Now that you have downloaded the complete inference.py file, there are two options to test your model before compressing the files and uploading them to Amazon S3:
Test the inference.py functions on your custom container within an Amazon Elastic Compute Cloud (Amazon EC2) instance
Test your endpoint on a local mode SageMaker endpoint (requires a GPU or GPU-based workspace for this model)
Before you start this step, download the Prithvi model artifacts and the Prithvi flood fine-tuning of the model. The first link will provide all of the model data from the base Prithvi model, and the flood fine-tuning of the model builds upon the model to perform flood plain detection on satellite images. Install git-lfs using brew on Mac or using https://git-lfs.com/ on Windows to install the GitHub repo’s large files.

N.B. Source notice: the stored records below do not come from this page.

theorem theorem2:
  fixes I :: "'i set" and a :: "'i \<Rightarrow> real^'n" and b :: "'i \<Rightarrow> real"
    and c :: "real^'n" and xbar :: "real^'n" and \<sigma> :: "'n \<Rightarrow> 'i"
    and T :: "'t set" and K :: "'t \<Rightarrow> 'k set"
    and d :: "'t \<Rightarrow> 'k \<Rightarrow> real^'n" and d0 :: "'t \<Rightarrow> 'k \<Rightarrow> real"
    and p :: "'t \<Rightarrow> real^'n" and N :: "'t \<Rightarrow> ('i + 'k) set"
    and r :: "'t \<Rightarrow> 'n \<Rightarrow> real^'n" and F :: "(real^'n) set"
  defines "P \<equiv> ineq_poly I a b"
    and "PD \<equiv> closure (convex hull
                 (\<Union>t\<in>T. ineq_poly (term_idx I K t) (term_row a d t) (term_rhs b d0 t)))"
    and "C \<equiv> (\<lambda>t. basis_cone (term_row a d t) (term_rhs b d0 t) (N t))"
    and "PD0 \<equiv> {u + v | u v. u \<in> convex hull (p ` T) \<and>
                   v \<in> convex_cone hull {r t j | t j. t \<in> T}}"
  assumes finI: "finite I"
    and rat: "\<forall>i\<in>I. b i \<in> \<rat> \<and> (\<forall>j. a i $ j \<in> \<rat>)"
    and fulldim: "aff_dim P = int CARD('n)"
    and pointed: "pointed P"
    and xbar_opt: "basic_optimal I a b c xbar"
    and sigma: "inj \<sigma>" "is_cobasis I a b xbar (range \<sigma>)"
    and finT: "finite T"
    and finK: "\<forall>t\<in>T. finite (K t)"
    and xbar_out: "xbar \<notin> PD"
    and p_opt: "\<forall>t\<in>T. basic_optimal (term_idx I K t) (term_row a d t) (term_rhs b d0 t) c (p t)"
    and N_cob: "\<forall>t\<in>T. is_cobasis (term_idx I K t) (term_row a d t) (term_rhs b d0 t) (p t) (N t)"
    and N_unique: "\<forall>t\<in>T. \<forall>N'. is_cobasis (term_idx I K t) (term_row a d t) (term_rhs b d0 t) (p t) N'
                      \<longrightarrow> N' = N t"
    and rays_ext: "\<forall>t\<in>T. \<forall>j. extreme_ray_of (r t j) (C t) (p t)"
    and rays_all: "\<forall>t\<in>T. \<forall>\<rho>. extreme_ray_of \<rho> (C t) (p t) \<longrightarrow>
                      (\<exists>j. \<exists>\<mu>>0. \<rho> = \<mu> *\<^sub>R r t j)"
    and rays_distinct: "\<forall>t\<in>T. \<forall>j j'. j \<noteq> j' \<longrightarrow> \<not> (\<exists>\<mu>>0. r t j' = \<mu> *\<^sub>R r t j)"
    and facet: "F facet_of PD0"
    and standard: "standard_facet a b \<sigma> T p r C PD0 F"
  shows "\<exists>g \<beta>. PD0 \<subseteq> {x. g \<bullet> x \<ge> \<beta>} \<and> F = PD0 \<inter> {x. g \<bullet> x = \<beta>} \<and>
               PD \<subseteq> {x. g \<bullet> x \<ge> \<beta>} \<and> (PD \<inter> {x. g \<bullet> x = \<beta>}) facet_of PD \<and>
               g \<bullet> xbar < \<beta>"
proof -
  obtain \<alpha> Q where basic: "prlp_basic a b \<sigma> T p r \<alpha> Q"
    and F_eq: "F = {x \<in> PD0. \<alpha> \<bullet> nb_pt a b \<sigma> x = 1}"
    and no_stray: "\<And>t j. Inr (t, j) \<in> Q \<Longrightarrow> \<not> stray_ray a b \<sigma> T p r C \<alpha> t j"
    using standard unfolding standard_facet_def by blast
  define g \<beta> where "g = cut_normal a \<sigma> \<alpha>" and "\<beta> = cut_rhs b \<sigma> \<alpha>"
  let ?P = "\<lambda>t. ineq_poly (term_idx I K t) (term_row a d t) (term_rhs b d0 t)"
  have P_PD: "?P t \<subseteq> PD" if "t \<in> T" for t
    using that unfolding PD_def by (meson UN_upper closure_subset hull_subset subset_trans)
  have p_P: "p t \<in> ?P t" if "t \<in> T" for t
    using p_opt that by (simp add: basic_optimal_def)
  have fin: "finite (term_idx I K t)" if "t \<in> T" for t
    using finI finK that by (simp add: term_idx_def)
  have step: "\<exists>s>0. p t + s *\<^sub>R \<rho> \<in> ?P t" if "t \<in> T" "p t + \<rho> \<in> C t" for t \<rho>
    by (rule unique_cobasis_step[OF fin p_P N_cob[rule_format] N_unique[rule_format]])
      (use that in \<open>simp_all add: C_def\<close>)
  from basic have p_valid: "\<forall>t\<in>T. \<beta> \<le> g \<bullet> p t" and r_valid: "\<forall>t\<in>T. \<forall>j. 0 \<le> g \<bullet> r t j"
    by (auto simp: prlp_basic_def prlp_feasible_def inner_nb_pt inner_nb_ray g_def \<beta>_def)
  have PD_valid: "PD \<subseteq> {x. \<beta> \<le> g \<bullet> x}"
    unfolding PD_def
  proof (rule disjunctive_hull_subset_halfspace)
    fix t \<rho> assume "t \<in> T" "extreme_ray_of \<rho> (basis_cone (term_row a d t) (term_rhs b d0 t) (N t)) (p t)"
    then obtain j \<mu> where "\<mu> > 0" "\<rho> = \<mu> *\<^sub>R r t j" using rays_all unfolding C_def by blast
    then show "0 \<le> g \<bullet> \<rho>" using r_valid \<open>t \<in> T\<close> by simp
  qed (use N_cob p_valid in auto)
  obtain t0 where "t0 \<in> T" by (rule prlp_basic_terms_nonempty[OF basic])
  then have PD_full: "aff_dim PD = CARD('n)"
    using unique_cobasis_aff_dim[of "term_idx I K t0"] aff_dim_subset[OF P_PD] aff_dim_le_DIM[of PD]
      finI finK N_cob N_unique p_P
    by (fastforce simp: term_idx_def)
  have "(PD \<inter> {x. g \<bullet> x = \<beta>}) facet_of PD"
    unfolding g_def \<beta>_def
  proof (rule prlp_basic_facet[OF basic sigma(2)])
    show "convex PD" unfolding PD_def by simp
    show "aff_dim PD = CARD('n)" by fact
    show "PD \<subseteq> {x. cut_rhs b \<sigma> \<alpha> \<le> cut_normal a \<sigma> \<alpha> \<bullet> x}"
      using PD_valid by (simp add: g_def \<beta>_def)
    show "p t \<in> PD" if "Inl t \<in> Q" for t
      using basic that P_PD p_P by (auto simp: prlp_basic_def)
    fix t j assume "Inr (t, j) \<in> Q"
    then obtain t' where t': "t' \<in> T" "extreme_ray_of (r t j) (C t') (p t')"
      "\<alpha> \<bullet> nb_pt a b \<sigma> (p t') = 1"
      using no_stray unfolding stray_ray_def by blast
    obtain s where "s > 0" "p t' + s *\<^sub>R r t j \<in> ?P t'"
      using step[OF t'(1) extreme_ray_of_apex_add[OF t'(2)]] by blast
    then show "\<exists>x\<in>PD. cut_normal a \<sigma> \<alpha> \<bullet> x = cut_rhs b \<sigma> \<alpha> \<and> (\<exists>s>0. x + s *\<^sub>R r t j \<in> PD)"
      using t' P_PD p_P by (auto simp: inner_nb_pt)
  qed
  moreover have "PD0 \<subseteq> {x. \<beta> \<le> g \<bullet> x}"
    unfolding PD0_def using p_valid r_valid by (intro hull_sum_subset_halfspace) auto
  moreover have "g \<bullet> xbar < \<beta>"
    using cut_normal_cobasis_point[OF sigma(2)] by (simp add: g_def \<beta>_def)
  moreover have "F = PD0 \<inter> {x. g \<bullet> x = \<beta>}"
    using F_eq by (auto simp: inner_nb_pt g_def \<beta>_def)
  ultimately show ?thesis using PD_valid by blast
qed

To create a SageMaker model on the SageMaker console, you must store your model data within Amazon S3 because your SageMaker endpoint will pull your model artifacts directly from Amazon S3 using a tar.gz format. Within your tar.gz file, the data must have a specific file format defined by SageMaker. The following is the file structure for the Prithvi foundation model (our requirements are installed on the container, so requirements.txt has been left intentionally blank):
./model
./model/code/inference.py
./model/code/sen1floods11_Prithvi_100M.py (extended model config)
./model/code/sen1floods11_Prithvi_100M.pth (extended model weights)
./model/code/requirements.txt
./model/code/prithvi/Prithvi_100M.pt (extended model weights)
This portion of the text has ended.